Zou de Messias lijden en sterven?
ZOALS wij reeds hebben gezien, verwachtten de eerste-eeuwse joden een leider die de Romeinse overheersing zou afwerpen, een joods koninkrijk over Israël zou oprichten en een tijdperk van door God geschonken vrede en zegeningen zou introduceren. Aangezien Jezus van Nazareth dit nooit heeft bewerkstelligd, wilde de joodse natie hem niet als de Messias aanvaarden.
Vele joden echter die door Jezus’ leringen waren aangetrokken, bleven ook na zijn dood geloven dat hij de Messias was. Waarom waren zij hiertoe in staat? Als de Hebreeuwse Geschriften te kennen gaven dat de Messias door middel van een koninkrijk over Israël een tijd van grote zegeningen zou brengen, hoe konden deze joden dan blijven geloven in iemand die er niet in was geslaagd dit te bewerkstelligen maar die in plaats daarvan lijden had ondergaan en ter dood was gebracht?
Zoals uit hun geschriften blijkt, kwamen Jezus’ joodse discipelen al gauw na zijn dood tot de conclusie dat men enkele belangrijke profetieën uit de Hebreeuwse Geschriften over het hoofd had gezien, passages die erop wezen dat de Messias een voorbereidend werk zou verrichten voordat hij als koning over Israël zou regeren. Welk werk is dit? En waar spreken de Hebreeuwse Geschriften erover dat de Messias dit voorbereidende werk zou doen?
Daniëls Messiaanse profetie
Hoewel de Hebreeuwse Geschriften vaak het Hebreeuwse woord voor Messias of gezalfde gebruiken als er wordt gedoeld op de koningen en priesters van het oude Israël, worden er in de Hebreeuwse tekst altijd nader omschrijvende bijvoeglijke bepalingen aangetroffen als naar deze mindere gezalfden verwezen wordt. Er is echter één tekst waar het Hebreeuwse woord voor Messias zonder een verdere omschrijving verschijnt en in deze tekst blijkt het woord dus naar de Messias te verwijzen. Merk op wat deze verzen zeggen:
„Zeventig (jaar-) weken zijn vastgesteld over u als volk en over uw heilige stad, om de afvalligheid te beteugelen en een einde te maken aan zonde, en om de dwaling te verzoenen, en eeuwige redding [„eeuwige rechtvaardigheid”] te brengen . . . Weet dan en versta: Van het uitgaan van het decreet om Jeruzalem te herbouwen tot de Gezalfde [„de Messias”, Patai], de Vorst, zijn er zeven (jaar-) weken; ook tweeënzestig (jaar-) weken, opdat markt en gracht herbouwd zullen worden, en dat in de druk der tijden. En na de tweeënzestig (jaar-) weken zal een Gezalfde [„de Messias”, Patai] worden uitgeroeid [„afgesneden worden”, JP].” — Dan. 9:24-26, vertaling van Zunz.

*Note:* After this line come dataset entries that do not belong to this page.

lemma Min_lam_inv_pending:
  assumes "Suc i \<in> snd ` E"
  shows "Min (lam_inv ` pending i) = lam_inv (Suc i)"
proof (rule Min_eqI)
  show "finite (lam_inv ` pending i)"
    using finite_subset[OF pending_subset_children] finite_E by blast
  show "lam_inv (Suc i) \<in> lam_inv ` pending i" using pending_before_child[OF assms] by blast
next
  fix y assume "y \<in> lam_inv ` pending i"
  then obtain p v where pv: "(p, v) \<in> E" "p \<le> i" "i < v" "y = lam_inv v" unfolding pending_def by blast
  obtain q where q: "(q, Suc i) \<in> E" using assms by force
  show "lam_inv (Suc i) \<le> y"
  proof (cases "v = Suc i")
    case False
    then have "lam_inv (Suc i) < lam_inv v" using lam_inv_less[OF pv(1) q] pv(2,3) by simp
    then show ?thesis using pv(4) by simp
  qed (use pv(4) in simp)
qed

lemma lam_inv_pending_Suc:
  assumes "Suc i \<le> n"
  shows "lam_inv ` pending (Suc i)
       = lam_inv ` pending i - {lam_inv (Suc i)} \<union> ochildren F\<^sub>C (relabel (Suc i))"
proof -
  have "lam_inv ` (pending i - {Suc i}) = lam_inv ` pending i - {lam_inv (Suc i)}"
  proof (cases "is_root E (Suc i)")
    case True
    then show ?thesis using pending_before_root assms by simp
  next
    case False
    note pending_subset_children
    moreover have "Suc i \<in> snd ` E" using False is_root_iff by simp
    ultimately show ?thesis
      using inj_on_image_set_diff[OF bij_betw_imp_inj_on[OF bij_betw_lam_inv], of "pending i" "{Suc i}"]
      by auto
  qed
  then show ?thesis using pending_Suc ochildren_relabel[OF assms] by (simp add: image_Un)
qed

lemma ps_state_FC:
  "i \<le> n \<Longrightarrow> (ps_step F\<^sub>C ^^ i) (ps_init F\<^sub>C) = (tree_index i, lam_inv ` pending i, relabel i)"
proof (induction i)
  case 0
  have "{r. r \<le> 0 \<and> is_root E r} = {0}" using is_root_0 by auto
  then have "tree_index 0 = 0" unfolding tree_index_def by simp
  moreover have "relabel 0 = Root 0" using relabel_root_tree_index[OF is_root_0] calculation by simp
  moreover have "pending 0 = {v. (0, v) \<in> E}" unfolding pending_def using E_less by fastforce
  ultimately show ?case using ochildren_relabel[of 0] by simp
next
  case (Suc i)
  then have IH: "(ps_step F\<^sub>C ^^ Suc i) (ps_init F\<^sub>C)
      = ps_step F\<^sub>C (tree_index i, lam_inv ` pending i, relabel i)"
    by simp
  show ?case
  proof (cases "is_root E (Suc i)")
    case True
    then have "relabel (Suc i) = Root (Suc (tree_index i))"
      using relabel_root_tree_index Suc.prems tree_index_Suc by simp
    then show ?thesis
      using IH True pending_before_root[OF True Suc.prems] lam_inv_pending_Suc[OF Suc.prems] tree_index_Suc
      by simp
  next
    case False
    then have child: "Suc i \<in> snd ` E" using is_root_iff by simp
    then have "relabel (Suc i) = Lab (lam_inv (Suc i))" by (rule relabel_child)
    moreover have "lam_inv ` pending i \<noteq> {}" using pending_before_child[OF child] by blast
    ultimately show ?thesis
      using IH False Min_lam_inv_pending[OF child] lam_inv_pending_Suc[OF Suc.prems] tree_index_Suc
      by (simp add: Let_def)
  qed
qed

lemma ps_visit_FC: "i \<le> n \<Longrightarrow> ps_visit F\<^sub>C i = relabel i"
  unfolding ps_visit_def using ps_state_FC by simp

lemma FC_parent_unique:
  assumes "j \<in> {1..m}"
  shows "\<exists>!p. (p, Lab j) \<in> F\<^sub>C"
proof -
  obtain v where v: "v \<in> snd ` E" "lam_inv v = j"
    using assms bij_betw_lam_inv by (metis bij_betw_imp_surj_on imageE)
  then obtain q where q: "(q, v) \<in> E" by force
  show ?thesis
  proof (rule ex1I)
    show "(relabel q, Lab j) \<in> F\<^sub>C" using q v relabel_child FC_iff by metis
  next
    fix p assume "(p, Lab j) \<in> F\<^sub>C"
    then obtain a b where ab: "(a, b) \<in> E" "p = relabel a" "Lab j = relabel b" unfolding FC_iff by blast
    then have "b \<in> snd ` E" by force
    then have "lam_inv b = lam_inv v" using ab(3) relabel_child v by simp
    then have "b = v"
      using \<open>b \<in> snd ` E\<close> v(1) bij_betw_imp_inj_on[OF bij_betw_lam_inv] by (auto dest: inj_onD)
    then have "a = q" using ab(1) q E_parent_unique by simp
    then show "p = relabel q" using ab(2) by simp
  qed
qed

lemma FC_trancl: "(a, b) \<in> E\<^sup>+ \<Longrightarrow> (relabel a, relabel b) \<in> F\<^sub>C\<^sup>+"
proof (induction rule: trancl_induct)
  case (base y)
  then show ?case using FC_iff by blast
next
  case (step y z)
  then have "(relabel y, relabel z) \<in> F\<^sub>C" using FC_iff by blast
  with step.IH show ?case by (rule trancl_into_trancl)
qed

lemma FC_reachable_from_Root:
  assumes "j \<in> {1..m}"
  shows "\<exists>k. (Root k, Lab j) \<in> F\<^sub>C\<^sup>+"
proof -
  obtain v where v: "v \<in> snd ` E" "lam_inv v = j"
    using assms bij_betw_lam_inv by (metis bij_betw_imp_surj_on imageE)
  obtain r where r: "is_root E r" "(r, v) \<in> E\<^sup>*" using increasing_obtain_root[OF E_increasing] .
  have "r \<noteq> v" using r(1) v(1) is_root_iff by blast
  then have "(relabel r, relabel v) \<in> F\<^sub>C\<^sup>+" using r(2) FC_trancl by (meson rtranclD)
  then show ?thesis using relabel_root[OF r(1)] relabel_child[OF v(1)] v(2) by auto
qed

lemma FC_edge_cases:
  assumes "x \<in> F\<^sub>C"
  obtains a b where "(a, b) \<in> E" "a \<le> n" "b \<in> snd ` E" "x = (relabel a, Lab (lam_inv b))"
proof -
  obtain a b where ab: "(a, b) \<in> E" "x = (relabel a, relabel b)" using assms unfolding FC_def by blast
  then have "a \<le> n" "b \<in> snd ` E" using E_subset by force+
  then show ?thesis using that ab relabel_child by simp
qed

lemma ordered_forest_FC: "ordered_forest m n F\<^sub>C"
  unfolding ordered_forest_def
proof (intro conjI ballI)
  show "m \<le> n" by (rule m_le_n)
  show "F\<^sub>C \<subseteq> onodes m n \<times> onodes m n"
  proof
    fix x assume "x \<in> F\<^sub>C"
    then show "x \<in> onodes m n \<times> onodes m n"
      by (rule FC_edge_cases) (use relabel_in_onodes jh_inv_child(2) in \<open>auto simp: onodes_def\<close>)
  qed
  show "case x of (p, c) \<Rightarrow> \<exists>j. c = Lab j" if "x \<in> F\<^sub>C" for x
    using that by (rule FC_edge_cases) simp
  show "\<exists>!p. (p, Lab j) \<in> F\<^sub>C" if "j \<in> {1..m}" for j
    using that by (rule FC_parent_unique)
  show "\<exists>k. (Root k, Lab j) \<in> F\<^sub>C\<^sup>+" if "j \<in> {1..m}" for j
    using that by (rule FC_reachable_from_Root)
qed

lemma prio_trav_FC: "prio_trav n F\<^sub>C = jh_inv n Ps"
proof
  fix i
  show "prio_trav n F\<^sub>C i = jh_inv n Ps i"
  proof (cases "i \<in> {1..n}")
    case True
    then show ?thesis
      using ps_visit_FC[of i] relabel_child relabel_root is_root_iff jh_inv_child(1) jh_inv_root
      unfolding prio_trav_def by (cases "is_root E i") auto
  next
    case False
    then show ?thesis unfolding prio_trav_def jh_inv_def by auto
  qed
qed

lemma visit_step_FC:
  assumes "a \<le> n"
  shows "visit_step n F\<^sub>C (relabel a) = a"
  unfolding visit_step_def
proof (rule the_equality)
  show "a \<le> n \<and> ps_visit F\<^sub>C a = relabel a" using ps_visit_FC assms by simp
next
  fix i assume i: "i \<le> n \<and> ps_visit F\<^sub>C i = relabel a"
  then have "ps_visit F\<^sub>C i = relabel i" by (intro ps_visit_FC) simp
  with i have "relabel i = relabel a" by simp
  moreover have "i \<in> {0..n}" "a \<in> {0..n}" using i assms by simp_all
  ultimately show "i = a" by (rule inj_onD[OF inj_on_relabel])
qed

Ook hier spreekt de bijbel van het invoeren van eeuwige rechtvaardigheid, maar het interessante is dat dat niet wordt toegeschreven aan het bestuur van de Messias. In plaats daarvan wordt het hier in verband gebracht met een in de dood afgesneden worden van de Messias!
Bovendien wordt ons hier verteld dat deze gebeurtenissen samenhangen met ’een einde van zonde’. Dit is beslist opmerkelijk omdat de Schrift ons vertelt dat wij allen een ingeboren neiging bezitten om het verkeerde te doen, te zondigen. Zo lezen wij in Genesis 8:21 Gods uitspraak: „De inbeelding van ’s mensen hart is boos van zijn jeugd af.” Ook wordt ons verteld: „Geen mens is zo rechtvaardig op aarde, dat hij altijd goed zou doen en nooit zou zondigen” (Pred. 7:20, Leeser). Maar ondanks deze geneigdheid die wij allemaal bezitten en die wij niet volledig kunnen overwinnen, brengt het verschijnen en de dood van de Messias in werkelijkheid een ’einde van zonde’! Geen wonder dat hiervan wordt gewaagd in samenhang met het invoeren van „eeuwige rechtvaardigheid”!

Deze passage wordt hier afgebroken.